While the Garmin fēnix™ is an outdoors GPS watch, for the dedicated trail runner there will be times when they need to venture indoors to get the necessary training done. Luckily with the software updates the Garmin fēnix™ acquired the ability to connect to their footpod for indoor as well as outdoor training. Indoors the footpod will provide speed, distance and cadence information for those times when you have no option but to hit the treadmill. Outdoors the footpod will provide the Garmin fēnix™ with cadence information while also providing speed information (you have to specify if speed will be recorded via GPS or footpod), which is a great option in heavily forested or built-up areas where there may be a weak GPS signal. Take note that the Garmin fēnix™ won’t automatically switch from GPS to footpod if you enter a tunnel like other Garmin units. To record distance the Garmin fēnix™ uses the footpod while in indoor mode and the GPS receiver while in GPS mode, which is the standard configuration that can’t be changed.

In addition to the footpod, the Garmin fēnix™ also supports other ANT+ accessories, including heart rate belts, bike speed/cadence sensors (though it does not give speed data) and the Garmin Tempe external temperature sensor. While the Garmin fēnix™ does provide temperature data (one of my favourite features as I can see the effects of the weather on my performance as well as hydration/nutrition and clothing needs) it is slightly affected by body heat, so the Garmin Tempe is a great way to stay on top of what the weather is doing during a long ultra run for the reasons mentioned above, especially combined with the Barometer to see what the weather is up to.

Interface wise I found the buttons, large as they are, not ideally suited to quick presses during trail running. I had to press them quite hard at times or repeat a press that didn’t register, but I’m sure over the course of an ultra trail run where one slows down considerably that the larger buttons with their rough texture and long throw will become an asset as tired dess creeps in and one can take time to press the buttons properly. This should also prevent accidental presses over time. Initially one also had to do a long press on the up or down button (depending on your setup) to signify a lap completed, which meant an added second or two per lap time. Luckily as from the 2.70 software update one can now configure the bottom left ‘back’ button as a ‘hot key’, which means your laps will be registered immediately as you press the lap button.
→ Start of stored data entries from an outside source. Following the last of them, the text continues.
lemma card_simplices_hit_le:
  assumes sc: "simplicial_complex V S" and dim: "\<forall>\<sigma>\<in>S. card \<sigma> \<le> 2" and inj: "inj_on p V"
  shows "card {\<sigma>\<in>S. z \<in> barycentric_extension V p ` closed_simplex V S \<sigma>}
           \<le> Suc (card (covering_edges S p V z))"
proof -
  have "finite V" "finite S"
    using sc simplicial_complex_finite_simplices by (auto simp: simplicial_complex_def)
  let ?vertices = "(\<lambda>v. {v}) ` {v\<in>V. p v = z}"
  have "{\<sigma>\<in>S. z \<in> barycentric_extension V p ` closed_simplex V S \<sigma>}
          \<subseteq> ?vertices \<union> covering_edges S p V z"
  proof
    fix \<sigma> assume "\<sigma> \<in> {\<sigma>\<in>S. z \<in> barycentric_extension V p ` closed_simplex V S \<sigma>}"
    then have "\<sigma> \<in> S" and "Min (p ` \<sigma>) \<le> z \<and> z \<le> Max (p ` \<sigma>)"
      using barycentric_extension_bounds[OF sc] by blast+
    moreover have "\<sigma> \<noteq> {}" "finite \<sigma>" "\<sigma> \<subseteq> V"
      using sc \<open>\<sigma> \<in> S\<close> by (auto simp: simplicial_complex_def)
    moreover have "card \<sigma> = 1 \<or> card \<sigma> = 2"
    proof -
      have "0 < card \<sigma>" "card \<sigma> \<le> 2"
        using dim \<open>\<sigma> \<in> S\<close> \<open>\<sigma> \<noteq> {}\<close> \<open>finite \<sigma>\<close> by auto
      then show ?thesis by presburger
    qed
    ultimately show "\<sigma> \<in> ?vertices \<union> covering_edges S p V z"
      by (auto simp: card_1_singleton_iff covering_edges_def induced_edges_def)
  qed
  then have "card {\<sigma>\<in>S. z \<in> barycentric_extension V p ` closed_simplex V S \<sigma>}
      \<le> card (?vertices \<union> covering_edges S p V z)"
    using \<open>finite V\<close> \<open>finite S\<close>
    by (intro card_mono) (auto simp: covering_edges_def induced_edges_def)
  also have "\<dots> \<le> card ?vertices + card (covering_edges S p V z)"
    by (rule card_Un_le)
  also have "card ?vertices \<le> card {v\<in>V. p v = z}"
    using \<open>finite V\<close> by (intro card_image_le) simp
  also have "card {v\<in>V. p v = z} \<le> Suc 0"
    using \<open>finite V\<close> inj by (subst card_le_Suc0_iff_eq) (auto dest: inj_onD)
  finally show ?thesis by simp
qed
lemma tagged_simplex_span_edges:
  fixes vs :: "(real^'n) list"
  assumes simplex: "tagged_simplex vs g0" and coords: "maubach_coords vs g w D"
  shows "span (D ` {1..CARD('n)}) = UNIV"
proof -
  let ?I = "{1..CARD('n)}"
  have len: "length vs = CARD('n) + 1" and dist: "distinct vs"
    and indep: "\<not> affine_dependent (set vs)"
    using simplex unfolding tagged_simplex_def by auto
  have w: "w = vs ! 0" using maubach_coords_base[OF coords] by simp
  have "{0..CARD('n)} = insert 0 ?I" by auto
  then have set_vs: "set vs = insert w ((\<lambda>i. vs ! i) ` ?I)"
    using set_conv_nth_atLeastAtMost[OF len] w by simp
  have w_notin: "w \<notin> (\<lambda>i. vs ! i) ` ?I"
    using dist len unfolding w by (auto simp: nth_eq_iff_index_eq)
  have inj: "inj_on (\<lambda>i. vs ! i) ?I"
    using dist len by (auto simp: inj_on_def nth_eq_iff_index_eq)
  let ?B = "(\<lambda>x. - w + x) ` (\<lambda>i. vs ! i) ` ?I"
  have "independent ?B"
    using indep affine_dependent_iff_dependent[OF w_notin] set_vs by simp
  moreover have "card ?B = CARD('n)"
  proof -
    have "card ?B = card ((\<lambda>i. vs ! i) ` ?I)" by (rule card_image) (simp add: inj_on_def)
    also have "\<dots> = CARD('n)" using card_image[OF inj] by simp
    finally show ?thesis .
  qed
  ultimately have "span ?B = UNIV"
    by (simp add: dim_eq_full[symmetric] dim_eq_card_independent)
  moreover have "?B \<subseteq> span (D ` ?I)"
  proof
    fix x assume "x \<in> ?B"
    then obtain i where i: "i \<in> ?I" and x: "x = vs ! i - w" by auto
    have "x = tag_weight g i *\<^sub>R (\<Sum>j=1..i. D j)"
      using maubach_coords_vertex[OF coords, of i] i x by simp
    also have "\<dots> \<in> span (D ` ?I)"
      using i by (intro span_mul span_sum span_base) auto
    finally show "x \<in> span (D ` ?I)" .
  qed
  then have "span ?B \<subseteq> span (D ` ?I)" by (simp add: span_minimal)
  ultimately show ?thesis by auto
qed

section \<open>Comparison of shape ratios\<close>

lemma dual_frame_signed_rescaling:
  fixes \<Phi>0 D0 :: "nat \<Rightarrow> real^'n"
  assumes dual0: "dual_frame \<Phi>0 D0" and t: "0 < t"
    and \<pi>: "bij_betw \<pi> {1..CARD('n)} {1..CARD('n)}" and s: "\<forall>j. s j = 1 \<or> s j = -1"
  shows "dual_frame (\<lambda>j. (s j / t) *\<^sub>R \<Phi>0 (\<pi> j)) (\<lambda>j. (s j * t) *\<^sub>R D0 (\<pi> j))"
proof -
  let ?I = "{1..CARD('n)}"
  have ss: "s j * s j = 1" for j using s by (metis mult_1 mult_minus1 minus_minus)
  have \<pi>I: "\<pi> j \<in> ?I" if "j \<in> ?I" for j using \<pi> that bij_betwE by blast
  have "((s i / t) *\<^sub>R \<Phi>0 (\<pi> i)) \<bullet> ((s j * t) *\<^sub>R D0 (\<pi> j)) = (if i = j then 1 else 0)"
    if "i \<in> ?I" "j \<in> ?I" for i j
  proof -
    have "((s i / t) *\<^sub>R \<Phi>0 (\<pi> i)) \<bullet> ((s j * t) *\<^sub>R D0 (\<pi> j)) =
        (s i / t * (s j * t)) * (\<Phi>0 (\<pi> i) \<bullet> D0 (\<pi> j))"
      by simp
    also have "\<Phi>0 (\<pi> i) \<bullet> D0 (\<pi> j) = (if i = j then 1 else 0)"
      using dual_frame_inner[OF dual0 \<pi>I[OF that(1)] \<pi>I[OF that(2)]]
        bij_betw_imp_inj_on[OF \<pi>] that by (auto dest: inj_onD)
    finally show ?thesis using ss[of i] t by (cases "i = j") (auto simp: field_simps)
  qed
  moreover have "(\<Sum>j\<in>?I. ((s j / t) *\<^sub>R \<Phi>0 (\<pi> j) \<bullet> x) *\<^sub>R (s j * t) *\<^sub>R D0 (\<pi> j)) = x" for x
  proof -
    have "(\<Sum>j\<in>?I. ((s j / t) *\<^sub>R \<Phi>0 (\<pi> j) \<bullet> x) *\<^sub>R (s j * t) *\<^sub>R D0 (\<pi> j)) =
        (\<Sum>j\<in>?I. (\<Phi>0 (\<pi> j) \<bullet> x) *\<^sub>R D0 (\<pi> j))"
      using ss t by (intro sum.cong) (simp_all add: field_simps)
    also have "\<dots> = (\<Sum>l\<in>?I. (\<Phi>0 l \<bullet> x) *\<^sub>R D0 l)"
      by (rule sum.reindex_bij_betw[OF \<pi>])
    finally show ?thesis using dual_frame_expansion[OF dual0] by simp
  qed
  ultimately show ?thesis unfolding dual_frame_def by blast
qed

lemma sum_mult_sum_inverse_le:
  fixes q :: "'i \<Rightarrow> real"
  assumes "finite A" "0 < a" "\<And>j. j \<in> A \<Longrightarrow> a \<le> q j \<and> q j \<le> b"
  shows "(\<Sum>j\<in>A. q j) * (\<Sum>j\<in>A. 1 / q j) \<le> (a + b)\<^sup>2 / (4 * a * b) * (card A)\<^sup>2"
proof (cases "A = {}")
  case False
  define X where "X = (\<Sum>j\<in>A. q j)"
  define Z where "Z = (\<Sum>j\<in>A. 1 / q j)"
  have q_pos: "0 < q j" if "j \<in> A" for j using assms(2) assms(3)[OF that] by linarith
  have ab: "0 < a * b" using False assms(2,3) by fastforce
  have "q j + a * b / q j \<le> a + b" if "j \<in> A" for j
  proof -
    have "0 \<le> (b - q j) * (q j - a)" using assms(3)[OF that] by simp
    then have "q j * q j + a * b \<le> (a + b) * q j" by (simp add: algebra_simps)
    then show ?thesis using q_pos[OF that] by (simp add: field_simps)
  qed
  then have "(\<Sum>j\<in>A. q j + a * b / q j) \<le> (\<Sum>j\<in>A. a + b)" by (rule sum_mono)
  moreover have "(\<Sum>j\<in>A. q j + a * b / q j) = X + a * b * Z"
    by (simp add: X_def Z_def sum.distrib sum_distrib_left)
  moreover have "0 \<le> X" "0 \<le> Z"
    using q_pos by (auto simp: X_def Z_def less_imp_le intro!: sum_nonneg)
  ultimately have "(X + a * b * Z)\<^sup>2 \<le> ((a + b) * card A)\<^sup>2"
    using ab by (intro power_mono) (simp_all add: mult.commute)
  moreover have "4 * (a * b) * (X * Z) \<le> (X + a * b * Z)\<^sup>2"
    using zero_le_power2[of "X - a * b * Z"] by (simp add: power2_eq_square algebra_simps)
  ultimately have "X * Z \<le> ((a + b) * card A)\<^sup>2 / (4 * (a * b))"
    using ab by (simp add: pos_le_divide_eq mult.commute)
  then show ?thesis by (simp add: X_def Z_def power_mult_distrib mult.assoc)
qed simp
I would have liked to see the screen be slightly larger, as I am used to my Garmin Edge 500 that can show eight fields of data per screen. I prefer a bigger screen with the data dividers as I find them easier to read at a glance while running. With the maximum of three fields displayed on the Garmin fēnix™ I struggled to make out the different data fields, so I found limiting the display to two data fields per screen (with the divider line in between) made for the best legibility. One can set up a host of screens (‘pages’) with 1,2 or 3 data fields per page. Another nice feature on the Garmin fēnix™ is the ability to display data fields on a page (only one per page) as a graph, which allows quick and easy tracking of, for example, heart rate data while trail running.